PURPOSE: RSR13, an allosteric modifier of hemoglobin, reduces hemoglobin-oxygen binding affinity facilitating oxygen release from hemoglobin, resulting in increases in tissue pO(2). The purpose of this study was noninvasively to monitor the time course and effect of RSR13 on tumor oxygenation, directly using in vivo electron paramagnetic resonance (EPR oximetry), and indirectly using blood oxygen level dependent magnetic resonance imaging (BOLD MRI). METHODS AND MATERIALS: The study was performed in transplanted radiation-induced fibrosarcoma tumors (RIF-1) in 18 female C3H/HEJ mice, which had two lithium phthalocyanine (LiPc) deposits implanted in the tumor when the tumors reached about 200-600 mm(3). Baseline EPR measurements were made daily for 3 days. Then, for 6 consecutive days and after an initial baseline EPR measurement, RSR13 (150 mg/kg) or vehicle (same volume) was injected intraperitoneally, and measurements of intratumoral oxygen were made at 10-min intervals for the next 60 min. In each mouse, every third day, instead of EPR oximetry, BOLD MRI measurements were made for 60 min after administration of the RSR13. RESULTS: Based on EPR measurements, RSR13 produced statistically significant temporal increases in tumor pO(2) over the 60-min time course, which reached a maximum at 35-43 min postdose.
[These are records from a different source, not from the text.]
(* Let $n\ge 3$, let $F$ be a set of edges of $Q_n$, and let $T$ be a proper subset of the vertex set of $Q_n$ with $|T|\ge 3$ such that every edge of $Q_n$ joining a vertex of parity 0 in $T$ to a vertex outside $T$ belongs to $F$. If $|T|_0>|T|_1$, then $F$ is not minimal.
   Context: $Q_n$ is the $n$-dimensional hypercube on the binary strings of length $n$, two strings adjacent iff they differ in exactly one bit. The parity of a vertex is the number of ones in its label modulo 2. For a set $T$ of vertices, $|T|_0$ and $|T|_1$ denote the numbers of vertices of parity 0 and parity 1 in $T$. $F$ is a set of "faulty" edges; $Q_n-F$ is the graph with all vertices of $Q_n$ and the edges of $Q_n$ not in $F$. "$F$ is not minimal" means that there is a proper subset $F'\subsetneq F$ such that $Q_n-F'$ has no Hamiltonian cycle. *)

theory Defs
  imports Main
begin

definition hc_verts :: "nat \<Rightarrow> bool list set" where
  "hc_verts n = {v. length v = n}"

definition hc_adj :: "bool list \<Rightarrow> bool list \<Rightarrow> bool" where
  "hc_adj u v \<longleftrightarrow> length u = length v \<and> card {i. i < length u \<and> u ! i \<noteq> v ! i} = 1"

definition hc_edges :: "nat \<Rightarrow> bool list set set" where
  "hc_edges n = {{u, v} | u v. u \<in> hc_verts n \<and> v \<in> hc_verts n \<and> hc_adj u v}"

definition parity :: "bool list \<Rightarrow> nat" where
  "parity v = count_list v True mod 2"

definition card_par :: "nat \<Rightarrow> bool list set \<Rightarrow> nat" where
  "card_par p T = card {v \<in> T. parity v = p}"

definition is_ham_cycle :: "'a set \<Rightarrow> 'a set set \<Rightarrow> 'a list \<Rightarrow> bool" where
  "is_ham_cycle V E cs \<longleftrightarrow> distinct cs \<and> set cs = V \<and> length cs \<ge> 3 \<and>
     (\<forall>i < length cs. {cs ! i, cs ! ((i + 1) mod length cs)} \<in> E)"

definition hc_hamiltonian :: "nat \<Rightarrow> bool list set set \<Rightarrow> bool" where
  "hc_hamiltonian n F \<longleftrightarrow> (\<exists>cs. is_ham_cycle (hc_verts n) (hc_edges n - F) cs)"

definition not_minimal :: "nat \<Rightarrow> bool list set set \<Rightarrow> bool" where
  "not_minimal n F \<longleftrightarrow> (\<exists>F'. F' \<subset> F \<and> \<not> hc_hamiltonian n F')"

end

theory Submission
  imports Defs
begin

text \<open>If \<open>|T|\<^sub>0 > |T|\<^sub>1\<close>, then counting the \<open>n\<close> neighbours of each even vertex of \<open>T\<close> shows
  that some even \<open>u \<in> T\<close> has a neighbour \<open>v \<notin> T\<close>, and the edge \<open>uv\<close> lies in \<open>F\<close>.
  Put \<open>F' = F - {uv}\<close>. In a Hamiltonian cycle of \<open>Q\<^sub>n - F'\<close> both cycle neighbours of an even
  vertex of \<open>T\<close> are odd, hence lie in \<open>T\<close>, except for the single pair \<open>(u, v)\<close>. As every odd
  vertex is a cycle neighbour of at most two vertices, \<open>2 |T|\<^sub>0 - 1 \<le> 2 |T|\<^sub>1\<close>, a
  contradiction.\<close>

lemma finite_hc_verts: "finite (hc_verts n)"
  using finite_lists_length_eq[of "UNIV :: bool set" n] unfolding hc_verts_def by simp

lemma hc_adj_iff_flip: "hc_adj u v \<longleftrightarrow> (\<exists>k<length u. v = u[k := \<not> u!k])"
proof
  assume adj: "hc_adj u v"
  then have len: "length u = length v" and "card {i. i < length u \<and> u ! i \<noteq> v ! i} = 1"
    unfolding hc_adj_def by auto
  then obtain k where k: "{i. i < length u \<and> u ! i \<noteq> v ! i} = {k}"
    using card_1_singletonE by blast
  then have "k < length u" "u!k \<noteq> v!k" by auto
  have "v = u[k := \<not> u!k]"
  proof (rule nth_equalityI)
    fix i assume "i < length v"
    with k len \<open>u!k \<noteq> v!k\<close> show "v!i = u[k := \<not> u!k] ! i" by (cases "i = k") auto
  qed (simp add: len)
  with k show "\<exists>k<length u. v = u[k := \<not> u!k]" by blast
next
  assume "\<exists>k<length u. v = u[k := \<not> u!k]"
  then obtain k where "k < length u" "v = u[k := \<not> u!k]" by blast
  then have "{i. i < length u \<and> u ! i \<noteq> v ! i} = {k}" by (auto simp: nth_list_update)
  with \<open>v = u[k := \<not> u!k]\<close> show "hc_adj u v" unfolding hc_adj_def by simp
qed

lemma hc_adj_sym:
  assumes "hc_adj u v" shows "hc_adj v u"
proof -
  have len: "length u = length v" using assms unfolding hc_adj_def by simp
  then have "{i. i < length v \<and> v ! i \<noteq> u ! i} = {i. i < length u \<and> u ! i \<noteq> v ! i}" by auto
  with assms len show ?thesis unfolding hc_adj_def by argo
qed

lemma count_list_flip:
  assumes "k < length u"
  shows "count_list (u[k := \<not> u!k]) True + of_bool (u!k) = count_list u True + of_bool (\<not> u!k)"
proof -
  have u: "u = take k u @ u!k # drop (Suc k) u" using assms by (simp add: id_take_nth_drop)
  have "u[k := \<not> u!k] = take k u @ (\<not> u!k) # drop (Suc k) u"
    using assms by (simp add: upd_conv_take_nth_drop)
  then show ?thesis by (subst (2) u) auto
qed

lemma parity_flip:
  assumes "k < length u"
  shows "parity (u[k := \<not> u!k]) = 1 - parity u"
  using count_list_flip[OF assms] unfolding parity_def by (cases "u!k") (simp_all, presburger+)

lemma parity_hc_adj: "hc_adj u v \<Longrightarrow> parity v = 1 - parity u"
  unfolding hc_adj_iff_flip using parity_flip by blast

lemma hc_edge_iff: "{a, b} \<in> hc_edges n \<longleftrightarrow> a \<in> hc_verts n \<and> b \<in> hc_verts n \<and> hc_adj a b"
  unfolding hc_edges_def by (auto simp: doubleton_eq_iff dest: hc_adj_sym)

lemma card_par_le_if_even_vertices_closed:
  assumes "0 < n" and T: "T \<subseteq> hc_verts n"
    and closed: "\<And>u v. u \<in> T \<Longrightarrow> parity u = 0 \<Longrightarrow> v \<in> hc_verts n \<Longrightarrow> hc_adj u v \<Longrightarrow> v \<in> T"
  shows "card_par 0 T \<le> card_par 1 T"
proof -
  define T0 where "T0 = {v \<in> T. parity v = 0}"
  define T1 where "T1 = {v \<in> T. parity v = 1}"
  define flip where "flip = (\<lambda>(u :: bool list, k :: nat). (u[k := \<not> u!k], k))"
  have len: "\<And>u. u \<in> T \<Longrightarrow> length u = n" using T unfolding hc_verts_def by auto
  have "flip (u, k) \<in> T1 \<times> {..<n}" if u: "u \<in> T0" and k: "k < n" for u k
  proof -
    have "hc_adj u (u[k := \<not> u!k])" "u[k := \<not> u!k] \<in> hc_verts n"
      using u k len unfolding T0_def hc_adj_iff_flip hc_verts_def by auto
    moreover have "parity (u[k := \<not> u!k]) = 1" using u k len parity_flip unfolding T0_def by auto
    ultimately show ?thesis using closed u k unfolding flip_def T0_def T1_def by auto
  qed
  then have "flip ` (T0 \<times> {..<n}) \<subseteq> T1 \<times> {..<n}" by blast
  moreover have "inj_on flip (T0 \<times> {..<n})"
  proof (rule inj_onI, clarify)
    fix u k w l assume "u \<in> T0" "k < n" "w \<in> T0" and eq: "flip (u, k) = flip (w, l)"
    then have "k = l" "k < length u" "k < length w" and flipped: "u[k := \<not> u!k] = w[k := \<not> w!k]"
      using len unfolding flip_def T0_def by auto
    have "u = (u[k := \<not> u!k])[k := \<not> u[k := \<not> u!k] ! k]"
      and "w = (w[k := \<not> w!k])[k := \<not> w[k := \<not> w!k] ! k]"
      using \<open>k < length u\<close> \<open>k < length w\<close> by simp_all
    with flipped \<open>k = l\<close> show "u = w \<and> k = l" by metis
  qed
  moreover have "finite (T1 \<times> {..<n})"
    using finite_subset[OF T finite_hc_verts] unfolding T1_def by simp
  ultimately have "card (T0 \<times> {..<n}) \<le> card (T1 \<times> {..<n})"
    using card_inj_on_le by blast
  then have "card T0 * n \<le> card T1 * n" by (simp add: card_cartesian_product)
  then show ?thesis using \<open>0 < n\<close> unfolding card_par_def T0_def T1_def by simp
qed

lemma card_le_if_two_injections_almost_into:
  assumes "finite I" "finite J" "inj_on f I" "inj_on g I"
    and "card {i \<in> I. f i \<notin> J} + card {i \<in> I. g i \<notin> J} \<le> 1"
  shows "card I \<le> card J"
proof -
  have split: "card I = card {i \<in> I. h i \<in> J} + card {i \<in> I. h i \<notin> J}" for h :: "'a \<Rightarrow> 'b"
    using \<open>finite I\<close> by (subst card_Un_disjoint[symmetric]) (auto intro: arg_cong[where f = card])
  have into: "card {i \<in> I. h i \<in> J} \<le> card J" if "inj_on h I" for h
    using that \<open>finite J\<close> by (intro card_inj_on_le[where f = h]) (auto intro: inj_on_subset)
  show ?thesis
    using split[of f] split[of g] into[OF \<open>inj_on f I\<close>] into[OF \<open>inj_on g I\<close>] assms(5) by linarith
qed

lemma cyclic_succ_pred: "(i :: nat) < L \<Longrightarrow> ((i + L - 1) mod L + 1) mod L = i"
  by (cases i) (auto simp: mod_Suc_eq)

lemma cyclic_pred_succ: "(i :: nat) < L \<Longrightarrow> ((i + 1) mod L + L - 1) mod L = i"
  by (cases "i + 1 = L") auto

lemma cyclic_succ_ne_pred: "(i :: nat) < L \<Longrightarrow> 3 \<le> L \<Longrightarrow> (i + 1) mod L \<noteq> (i + L - 1) mod L"
  by (cases "i + 1 = L"; cases i) (auto simp: mod_if)

lemma card_nth_positions: "distinct xs \<Longrightarrow> card {i. i < length xs \<and> xs ! i \<in> X} = card (X \<inter> set xs)"
  using distinct_length_filter[of xs "\<lambda>x. x \<in> X"] length_filter_conv_card[of "\<lambda>x. x \<in> X" xs]
  by (simp add: Int_def)

lemma card_cyclic_consecutive_le_1:
  assumes "distinct xs" and "3 \<le> length xs"
  shows "card {i. i < length xs \<and> xs ! i = u \<and> xs ! ((i + 1) mod length xs) = v}
    + card {i. i < length xs \<and> xs ! i = u \<and> xs ! ((i + length xs - 1) mod length xs) = v} \<le> 1"
    (is "card ?S + card ?P \<le> 1")
proof -
  let ?L = "length xs"
  have "?S \<inter> ?P = {}"
  proof (intro equals0I)
    fix i assume "i \<in> ?S \<inter> ?P"
    then have "i < ?L" and "xs ! ((i + 1) mod ?L) = xs ! ((i + ?L - 1) mod ?L)" by auto
    moreover have "(i + 1) mod ?L < ?L" "(i + ?L - 1) mod ?L < ?L"
      using \<open>i < ?L\<close> by (fact mod_less_divisor[OF le_less_trans[OF le0]])+
    ultimately have "(i + 1) mod ?L = (i + ?L - 1) mod ?L" using nth_eq_iff_index_eq[OF \<open>distinct xs\<close>] by simp
    with cyclic_succ_ne_pred[OF \<open>i < ?L\<close> \<open>3 \<le> ?L\<close>] show False ..
  qed
  moreover have "card (?S \<union> ?P) \<le> card ({u} \<inter> set xs)"
    unfolding card_nth_positions[OF \<open>distinct xs\<close>, symmetric] by (rule card_mono) auto
  moreover have "card ({u} \<inter> set xs) \<le> 1" by (simp add: card_le_Suc0_iff_eq)
  ultimately show ?thesis by (simp add: card_Un_disjoint)
qed

lemma is_ham_cycle_card_le:
  assumes ham: "is_ham_cycle V E cs" and "A \<subseteq> V" and "finite B"
    and exceptional: "\<And>a b. a \<in> A \<Longrightarrow> {a, b} \<in> E \<Longrightarrow> b \<notin> B \<Longrightarrow> a = u \<and> b = v"
  shows "card A \<le> card B"
proof -
  define L where "L = length cs"
  define succ where "succ i = (i + 1) mod L" for i
  define pred where "pred i = (i + L - 1) mod L" for i
  have dist: "distinct cs" and set_cs: "set cs = V" and "3 \<le> L"
    and edge_succ: "\<And>i. i < L \<Longrightarrow> {cs ! i, cs ! succ i} \<in> E"
    using ham unfolding is_ham_cycle_def L_def succ_def by auto
  have succ_pred: "i < L \<Longrightarrow> succ (pred i) = i" and pred_succ: "i < L \<Longrightarrow> pred (succ i) = i" for i
    unfolding succ_def pred_def by (fact cyclic_succ_pred cyclic_pred_succ)+
  from \<open>3 \<le> L\<close> have succ_lt: "succ i < L" and pred_lt: "pred i < L" for i
    unfolding succ_def pred_def by auto
  have edge_pred: "{cs ! i, cs ! pred i} \<in> E" if "i < L" for i
    using edge_succ[OF pred_lt[of i]] succ_pred[OF that] by (simp add: insert_commute)
  define I where "I = {i. i < L \<and> cs ! i \<in> A}"
  define J where "J = {i. i < L \<and> cs ! i \<in> B}"
  have card_A: "card A = card I"
    using card_nth_positions[OF dist, of A] \<open>A \<subseteq> V\<close> set_cs unfolding I_def L_def by (simp add: Int_absorb2)
  have card_J: "card J \<le> card B"
    using card_nth_positions[OF dist, of B] \<open>finite B\<close> unfolding J_def L_def by (simp add: card_mono)
  have "card {i \<in> I. succ i \<notin> J} \<le> card {i. i < L \<and> cs ! i = u \<and> cs ! succ i = v}"
  proof (rule card_mono, simp, rule subsetI)
    fix i assume "i \<in> {i \<in> I. succ i \<notin> J}"
    then have "i < L" "cs ! i \<in> A" "cs ! succ i \<notin> B" using succ_lt by (auto simp: I_def J_def)
    with exceptional edge_succ show "i \<in> {i. i < L \<and> cs ! i = u \<and> cs ! succ i = v}" by blast
  qed
  moreover have "card {i \<in> I. pred i \<notin> J} \<le> card {i. i < L \<and> cs ! i = u \<and> cs ! pred i = v}"
  proof (rule card_mono, simp, rule subsetI)
    fix i assume "i \<in> {i \<in> I. pred i \<notin> J}"
    then have "i < L" "cs ! i \<in> A" "cs ! pred i \<notin> B" using pred_lt by (auto simp: I_def J_def)
    with exceptional edge_pred show "i \<in> {i. i < L \<and> cs ! i = u \<and> cs ! pred i = v}" by blast
  qed
  moreover have "card {i. i < L \<and> cs ! i = u \<and> cs ! succ i = v}
      + card {i. i < L \<and> cs ! i = u \<and> cs ! pred i = v} \<le> 1"
    using card_cyclic_consecutive_le_1[OF dist \<open>3 \<le> L\<close>[unfolded L_def], of u v]
    unfolding succ_def pred_def L_def .
  ultimately have "card {i \<in> I. succ i \<notin> J} + card {i \<in> I. pred i \<notin> J} \<le> 1" by linarith
  moreover have "inj_on succ I"
    by (rule inj_on_inverseI[where g = pred]) (simp add: I_def pred_succ)
  moreover have "inj_on pred I"
    by (rule inj_on_inverseI[where g = succ]) (simp add: I_def succ_pred)
  ultimately have "card I \<le> card J"
    by (intro card_le_if_two_injections_almost_into) (auto simp: I_def J_def)
  with card_A card_J show ?thesis by linarith
qed

lemma not_hc_hamiltonian_if_one_even_boundary_edge:
  assumes T: "T \<subseteq> hc_verts n" and "card_par 0 T > card_par 1 T" and "u \<in> T" and "v \<notin> T"
    and boundary: "\<And>a b. a \<in> T \<Longrightarrow> parity a = 0 \<Longrightarrow> b \<in> hc_verts n - T \<Longrightarrow> hc_adj a b \<Longrightarrow>
      {a, b} \<in> F \<union> {{u, v}}"
  shows "\<not> hc_hamiltonian n F"
proof
  assume "hc_hamiltonian n F"
  then obtain cs where ham: "is_ham_cycle (hc_verts n) (hc_edges n - F) cs"
    unfolding hc_hamiltonian_def by blast
  have exceptional: "a = u \<and> b = v"
    if a: "a \<in> {x \<in> T. parity x = 0}" and ab: "{a, b} \<in> hc_edges n - F"
      and b: "b \<notin> {x \<in> T. parity x = 1}" for a b
  proof -
    have "b \<in> hc_verts n" and adj: "hc_adj a b" using ab by (simp_all add: hc_edge_iff)
    moreover have "parity b = 1" using a parity_hc_adj[OF adj] by simp
    ultimately have "{a, b} = {u, v}" using boundary[of a b] a ab b by auto
    with a \<open>v \<notin> T\<close> show ?thesis by (auto simp: doubleton_eq_iff)
  qed
  have "card {x \<in> T. parity x = 0} \<le> card {x \<in> T. parity x = 1}"
    by (rule is_ham_cycle_card_le[OF ham _ _ exceptional])
      (use T finite_hc_verts in \<open>auto intro: finite_subset\<close>)
  with \<open>card_par 0 T > card_par 1 T\<close> show False unfolding card_par_def by simp
qed

theorem lemma4:
  fixes n :: nat and F :: "bool list set set" and T :: "bool list set"
  assumes "n \<ge> 3"
    and "F \<subseteq> hc_edges n"
    and "T \<subset> hc_verts n"
    and "card T \<ge> 3"
    and "\<forall>u v. u \<in> T \<and> parity u = 0 \<and> v \<in> hc_verts n - T \<and> hc_adj u v \<longrightarrow> {u, v} \<in> F"
    and "card_par 0 T > card_par 1 T"
  shows "not_minimal n F"
proof -
  have T: "T \<subseteq> hc_verts n" using assms(3) by blast
  obtain u v where uv: "u \<in> T" "parity u = 0" "v \<in> hc_verts n - T" "hc_adj u v"
    using card_par_le_if_even_vertices_closed[OF _ T] assms(1,6) by fastforce
  then have "{u, v} \<in> F" using assms(5) by blast
  then have "F - {{u, v}} \<subset> F" by blast
  moreover have "\<not> hc_hamiltonian n (F - {{u, v}})"
    using uv assms(5,6) by (intro not_hc_hamiltonian_if_one_even_boundary_edge[OF T]) auto
  ultimately show ?thesis unfolding not_minimal_def by blast
qed

end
The average time required to return to the baseline pO(2) was 70-85 min. The maximum increase in tumor tissue pO(2) values after RSR13 treatment from Day 1 to Day 5 (8.3-12.4 mm Hg) was greater than the maximum tumor tissue pO(2) value for Day 6 (4.7 mm Hg, p < 0.01). The maximum increase in pO(2) occurred on Day 2 (12.4 mm Hg) after RSR13 treatment. There was little change in R(2)*, indicating that the RSR13 had minimal detectable effects on total deoxyhemoglobin and hemoglobin-oxygen saturation. CONCLUSION: The extent of the increase in tumor pO(2) achieved by RSR13 would be expected to lead to a significant increase in the effectiveness of tumor radiotherapy. The lack of a change in the BOLD MRI signal suggests that the tumor physiology was largely unchanged by RSR13. These results illustrate a unique and useful capability of in vivo EPR oximetry and BOLD MRI to obtain repeated measurements of tumor oxygenation and physiology. The dynamics of tumor pO(2) after RSR13 administration may be useful for the design of clinical protocols using allosteric hemoglobin effectors.